Saved entries:
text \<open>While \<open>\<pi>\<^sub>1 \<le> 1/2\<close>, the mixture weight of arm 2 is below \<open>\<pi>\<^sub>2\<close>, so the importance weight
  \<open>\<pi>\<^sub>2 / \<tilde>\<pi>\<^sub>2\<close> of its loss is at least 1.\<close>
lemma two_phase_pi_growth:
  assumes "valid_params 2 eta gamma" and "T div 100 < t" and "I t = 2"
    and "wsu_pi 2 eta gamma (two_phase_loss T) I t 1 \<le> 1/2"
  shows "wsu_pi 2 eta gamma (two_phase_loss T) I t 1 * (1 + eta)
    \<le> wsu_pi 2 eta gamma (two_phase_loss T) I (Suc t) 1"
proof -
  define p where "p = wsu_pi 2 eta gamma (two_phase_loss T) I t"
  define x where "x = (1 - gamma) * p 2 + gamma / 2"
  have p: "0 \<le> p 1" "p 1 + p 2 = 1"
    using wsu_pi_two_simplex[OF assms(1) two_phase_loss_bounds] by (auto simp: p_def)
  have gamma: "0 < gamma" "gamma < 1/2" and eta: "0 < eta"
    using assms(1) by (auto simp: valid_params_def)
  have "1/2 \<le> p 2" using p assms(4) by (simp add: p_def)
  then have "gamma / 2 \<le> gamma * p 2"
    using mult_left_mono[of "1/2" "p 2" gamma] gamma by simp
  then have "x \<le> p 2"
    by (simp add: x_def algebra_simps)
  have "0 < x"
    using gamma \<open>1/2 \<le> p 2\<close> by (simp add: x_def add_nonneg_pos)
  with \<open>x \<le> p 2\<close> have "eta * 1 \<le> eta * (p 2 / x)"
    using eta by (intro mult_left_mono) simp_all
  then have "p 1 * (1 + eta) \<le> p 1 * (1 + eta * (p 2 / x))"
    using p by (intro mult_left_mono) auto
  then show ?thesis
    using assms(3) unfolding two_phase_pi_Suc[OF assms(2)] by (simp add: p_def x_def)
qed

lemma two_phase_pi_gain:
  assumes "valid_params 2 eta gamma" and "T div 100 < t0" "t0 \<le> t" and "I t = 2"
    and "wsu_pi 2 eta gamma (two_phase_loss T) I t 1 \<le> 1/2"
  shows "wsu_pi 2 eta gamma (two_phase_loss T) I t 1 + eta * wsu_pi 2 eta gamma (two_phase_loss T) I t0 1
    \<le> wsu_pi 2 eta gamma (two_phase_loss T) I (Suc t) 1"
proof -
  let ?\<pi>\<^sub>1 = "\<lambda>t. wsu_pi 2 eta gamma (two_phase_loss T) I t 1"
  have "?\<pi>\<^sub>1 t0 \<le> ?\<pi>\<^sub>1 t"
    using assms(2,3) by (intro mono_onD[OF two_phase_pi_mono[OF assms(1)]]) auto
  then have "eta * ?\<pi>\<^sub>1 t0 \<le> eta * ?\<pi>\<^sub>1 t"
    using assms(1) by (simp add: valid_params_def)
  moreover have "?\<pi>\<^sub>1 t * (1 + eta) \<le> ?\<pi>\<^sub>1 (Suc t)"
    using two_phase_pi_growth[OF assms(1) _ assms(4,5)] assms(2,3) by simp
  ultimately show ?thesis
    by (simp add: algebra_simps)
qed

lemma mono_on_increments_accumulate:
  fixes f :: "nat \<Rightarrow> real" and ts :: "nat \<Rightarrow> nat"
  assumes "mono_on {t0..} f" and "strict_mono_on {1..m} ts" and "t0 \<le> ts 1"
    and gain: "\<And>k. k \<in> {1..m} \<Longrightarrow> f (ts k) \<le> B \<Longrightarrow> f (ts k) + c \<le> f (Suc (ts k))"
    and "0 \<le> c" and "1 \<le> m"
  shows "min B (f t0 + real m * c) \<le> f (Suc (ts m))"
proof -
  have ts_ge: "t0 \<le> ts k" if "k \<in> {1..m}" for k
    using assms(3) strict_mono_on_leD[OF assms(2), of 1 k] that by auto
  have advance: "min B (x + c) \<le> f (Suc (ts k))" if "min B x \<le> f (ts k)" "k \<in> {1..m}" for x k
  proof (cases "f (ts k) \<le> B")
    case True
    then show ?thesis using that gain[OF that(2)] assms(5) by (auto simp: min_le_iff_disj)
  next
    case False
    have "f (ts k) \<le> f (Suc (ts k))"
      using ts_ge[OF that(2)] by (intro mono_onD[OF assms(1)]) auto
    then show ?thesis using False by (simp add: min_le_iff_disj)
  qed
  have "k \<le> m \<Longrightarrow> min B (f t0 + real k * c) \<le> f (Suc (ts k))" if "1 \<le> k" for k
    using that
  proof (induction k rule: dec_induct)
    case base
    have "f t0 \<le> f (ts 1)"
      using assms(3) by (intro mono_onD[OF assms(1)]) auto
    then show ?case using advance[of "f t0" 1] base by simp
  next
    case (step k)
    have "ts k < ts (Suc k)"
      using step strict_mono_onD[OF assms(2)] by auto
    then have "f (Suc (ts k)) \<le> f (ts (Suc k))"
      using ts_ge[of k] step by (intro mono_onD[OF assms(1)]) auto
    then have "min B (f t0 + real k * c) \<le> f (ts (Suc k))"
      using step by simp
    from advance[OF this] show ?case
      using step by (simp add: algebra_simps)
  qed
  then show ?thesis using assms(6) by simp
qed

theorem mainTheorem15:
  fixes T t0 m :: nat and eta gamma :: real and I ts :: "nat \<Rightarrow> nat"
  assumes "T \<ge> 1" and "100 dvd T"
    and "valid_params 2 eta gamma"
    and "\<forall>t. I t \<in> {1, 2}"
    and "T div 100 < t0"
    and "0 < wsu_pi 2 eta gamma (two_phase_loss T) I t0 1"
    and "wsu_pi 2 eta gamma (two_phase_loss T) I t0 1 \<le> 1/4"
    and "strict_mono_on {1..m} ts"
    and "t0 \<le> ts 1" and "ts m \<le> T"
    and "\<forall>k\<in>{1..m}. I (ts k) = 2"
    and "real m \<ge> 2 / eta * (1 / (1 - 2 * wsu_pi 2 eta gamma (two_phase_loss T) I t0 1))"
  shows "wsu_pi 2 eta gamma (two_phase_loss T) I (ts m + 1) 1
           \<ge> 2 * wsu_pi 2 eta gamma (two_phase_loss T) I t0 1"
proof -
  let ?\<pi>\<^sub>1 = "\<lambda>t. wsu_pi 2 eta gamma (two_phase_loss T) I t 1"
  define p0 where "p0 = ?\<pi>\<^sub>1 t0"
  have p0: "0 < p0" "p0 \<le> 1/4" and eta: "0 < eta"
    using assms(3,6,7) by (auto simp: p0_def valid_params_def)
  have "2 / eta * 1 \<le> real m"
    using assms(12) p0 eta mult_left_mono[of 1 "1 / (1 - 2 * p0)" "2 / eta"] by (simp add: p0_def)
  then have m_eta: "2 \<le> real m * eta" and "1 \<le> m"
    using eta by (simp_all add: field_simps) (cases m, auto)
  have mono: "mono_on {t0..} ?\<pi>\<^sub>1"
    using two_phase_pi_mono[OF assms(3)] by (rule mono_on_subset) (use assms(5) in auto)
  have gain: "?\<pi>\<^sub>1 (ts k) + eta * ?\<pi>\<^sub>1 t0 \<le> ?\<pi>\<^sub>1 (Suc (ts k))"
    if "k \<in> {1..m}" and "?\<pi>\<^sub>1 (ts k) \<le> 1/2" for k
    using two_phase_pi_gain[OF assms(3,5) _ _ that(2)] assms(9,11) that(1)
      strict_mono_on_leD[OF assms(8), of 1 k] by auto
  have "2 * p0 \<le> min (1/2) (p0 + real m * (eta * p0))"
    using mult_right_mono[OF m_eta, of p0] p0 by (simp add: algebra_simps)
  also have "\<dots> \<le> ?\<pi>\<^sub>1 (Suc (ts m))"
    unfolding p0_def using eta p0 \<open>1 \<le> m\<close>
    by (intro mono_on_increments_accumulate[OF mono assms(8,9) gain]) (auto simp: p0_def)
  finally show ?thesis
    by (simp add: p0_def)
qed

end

==

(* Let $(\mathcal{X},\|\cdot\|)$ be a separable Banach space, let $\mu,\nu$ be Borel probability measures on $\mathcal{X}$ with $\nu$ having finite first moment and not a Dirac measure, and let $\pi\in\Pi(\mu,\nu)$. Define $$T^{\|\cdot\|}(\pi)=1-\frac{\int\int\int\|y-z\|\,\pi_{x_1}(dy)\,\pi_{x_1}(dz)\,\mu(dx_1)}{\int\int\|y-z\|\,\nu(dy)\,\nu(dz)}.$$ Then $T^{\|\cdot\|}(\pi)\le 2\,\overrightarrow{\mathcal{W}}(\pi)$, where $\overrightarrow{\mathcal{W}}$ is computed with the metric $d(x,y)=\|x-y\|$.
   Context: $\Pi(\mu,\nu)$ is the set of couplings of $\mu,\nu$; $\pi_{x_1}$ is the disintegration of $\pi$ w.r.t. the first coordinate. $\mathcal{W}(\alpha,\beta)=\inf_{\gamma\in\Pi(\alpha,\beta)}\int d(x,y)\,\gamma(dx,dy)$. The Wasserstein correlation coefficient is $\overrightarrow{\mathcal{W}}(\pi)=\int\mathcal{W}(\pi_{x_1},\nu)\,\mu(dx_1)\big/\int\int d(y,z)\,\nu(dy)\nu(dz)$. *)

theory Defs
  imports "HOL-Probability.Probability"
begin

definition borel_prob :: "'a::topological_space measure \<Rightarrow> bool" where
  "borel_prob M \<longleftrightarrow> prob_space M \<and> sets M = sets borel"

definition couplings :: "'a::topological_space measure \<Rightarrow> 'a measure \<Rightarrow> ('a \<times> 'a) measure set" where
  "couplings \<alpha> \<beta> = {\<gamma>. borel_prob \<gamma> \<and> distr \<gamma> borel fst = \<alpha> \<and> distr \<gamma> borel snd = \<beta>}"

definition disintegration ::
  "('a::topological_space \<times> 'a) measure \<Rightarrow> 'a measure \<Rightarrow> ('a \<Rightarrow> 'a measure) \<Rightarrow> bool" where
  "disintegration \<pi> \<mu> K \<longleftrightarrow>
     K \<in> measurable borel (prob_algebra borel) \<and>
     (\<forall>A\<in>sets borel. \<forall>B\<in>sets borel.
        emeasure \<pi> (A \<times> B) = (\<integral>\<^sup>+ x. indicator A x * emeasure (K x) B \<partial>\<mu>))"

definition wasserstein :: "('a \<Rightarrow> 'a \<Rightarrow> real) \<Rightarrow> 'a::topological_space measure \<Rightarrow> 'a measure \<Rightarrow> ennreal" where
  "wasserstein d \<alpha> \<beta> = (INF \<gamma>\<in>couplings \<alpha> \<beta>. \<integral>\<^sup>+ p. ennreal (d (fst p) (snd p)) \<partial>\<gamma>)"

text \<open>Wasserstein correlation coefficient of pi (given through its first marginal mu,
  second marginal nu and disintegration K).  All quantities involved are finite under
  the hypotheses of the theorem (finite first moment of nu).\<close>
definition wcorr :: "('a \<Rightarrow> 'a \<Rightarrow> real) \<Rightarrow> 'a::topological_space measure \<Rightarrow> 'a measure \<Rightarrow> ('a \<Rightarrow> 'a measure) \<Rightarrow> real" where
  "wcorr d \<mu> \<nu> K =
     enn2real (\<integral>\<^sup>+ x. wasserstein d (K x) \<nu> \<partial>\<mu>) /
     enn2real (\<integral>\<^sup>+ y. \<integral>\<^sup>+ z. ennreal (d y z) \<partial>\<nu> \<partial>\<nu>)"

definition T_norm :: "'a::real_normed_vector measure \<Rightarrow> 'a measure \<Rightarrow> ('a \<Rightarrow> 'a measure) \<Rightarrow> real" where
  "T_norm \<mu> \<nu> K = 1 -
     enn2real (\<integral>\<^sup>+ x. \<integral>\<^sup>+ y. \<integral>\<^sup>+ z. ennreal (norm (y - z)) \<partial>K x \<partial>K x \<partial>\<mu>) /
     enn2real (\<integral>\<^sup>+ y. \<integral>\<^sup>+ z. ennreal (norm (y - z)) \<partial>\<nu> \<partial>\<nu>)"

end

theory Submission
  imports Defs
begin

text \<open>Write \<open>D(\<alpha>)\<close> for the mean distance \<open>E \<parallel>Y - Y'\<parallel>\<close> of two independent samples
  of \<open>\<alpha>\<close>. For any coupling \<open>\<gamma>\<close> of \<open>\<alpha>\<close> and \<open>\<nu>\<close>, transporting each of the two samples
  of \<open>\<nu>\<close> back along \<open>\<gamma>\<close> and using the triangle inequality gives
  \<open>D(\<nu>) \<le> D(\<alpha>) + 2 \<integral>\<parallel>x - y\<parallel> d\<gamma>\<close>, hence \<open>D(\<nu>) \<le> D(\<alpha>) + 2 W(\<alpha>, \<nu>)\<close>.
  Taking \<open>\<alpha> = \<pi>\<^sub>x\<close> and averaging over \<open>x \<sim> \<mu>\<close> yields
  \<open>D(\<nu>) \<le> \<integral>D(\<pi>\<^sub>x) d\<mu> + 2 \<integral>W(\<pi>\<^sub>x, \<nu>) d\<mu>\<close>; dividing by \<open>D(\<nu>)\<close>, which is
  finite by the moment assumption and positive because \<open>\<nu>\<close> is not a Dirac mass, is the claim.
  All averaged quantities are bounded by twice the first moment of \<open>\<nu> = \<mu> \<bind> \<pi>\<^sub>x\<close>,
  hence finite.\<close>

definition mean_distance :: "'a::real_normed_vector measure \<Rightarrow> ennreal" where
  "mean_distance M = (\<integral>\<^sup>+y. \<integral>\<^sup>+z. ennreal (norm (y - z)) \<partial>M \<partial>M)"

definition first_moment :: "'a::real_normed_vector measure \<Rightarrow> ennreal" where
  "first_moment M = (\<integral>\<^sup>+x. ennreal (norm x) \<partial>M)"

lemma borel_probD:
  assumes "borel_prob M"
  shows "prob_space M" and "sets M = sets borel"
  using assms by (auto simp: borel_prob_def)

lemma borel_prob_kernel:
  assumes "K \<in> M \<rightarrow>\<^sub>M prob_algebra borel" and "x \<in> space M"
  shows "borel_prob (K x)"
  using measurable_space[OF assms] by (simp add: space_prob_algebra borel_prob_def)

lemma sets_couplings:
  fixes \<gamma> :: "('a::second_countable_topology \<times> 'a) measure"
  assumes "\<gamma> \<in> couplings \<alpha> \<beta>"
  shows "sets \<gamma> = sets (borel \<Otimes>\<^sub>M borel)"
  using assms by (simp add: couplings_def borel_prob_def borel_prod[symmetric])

Work to be completed: Using only the entries above, output the line with "text \<open>Write \<open>D(\<alpha>)\<close>", the line with "of \<open>\<alpha>\<close>. For", and all lines between them, exactly as they stand.

Finished exercise:
text \<open>Write \<open>D(\<alpha>)\<close> for the mean distance \<open>E \<parallel>Y - Y'\<parallel>\<close> of two independent samples
  of \<open>\<alpha>\<close>. For any coupling \<open>\<gamma>\<close> of \<open>\<alpha>\<close> and \<open>\<nu>\<close>, transporting each of the two samples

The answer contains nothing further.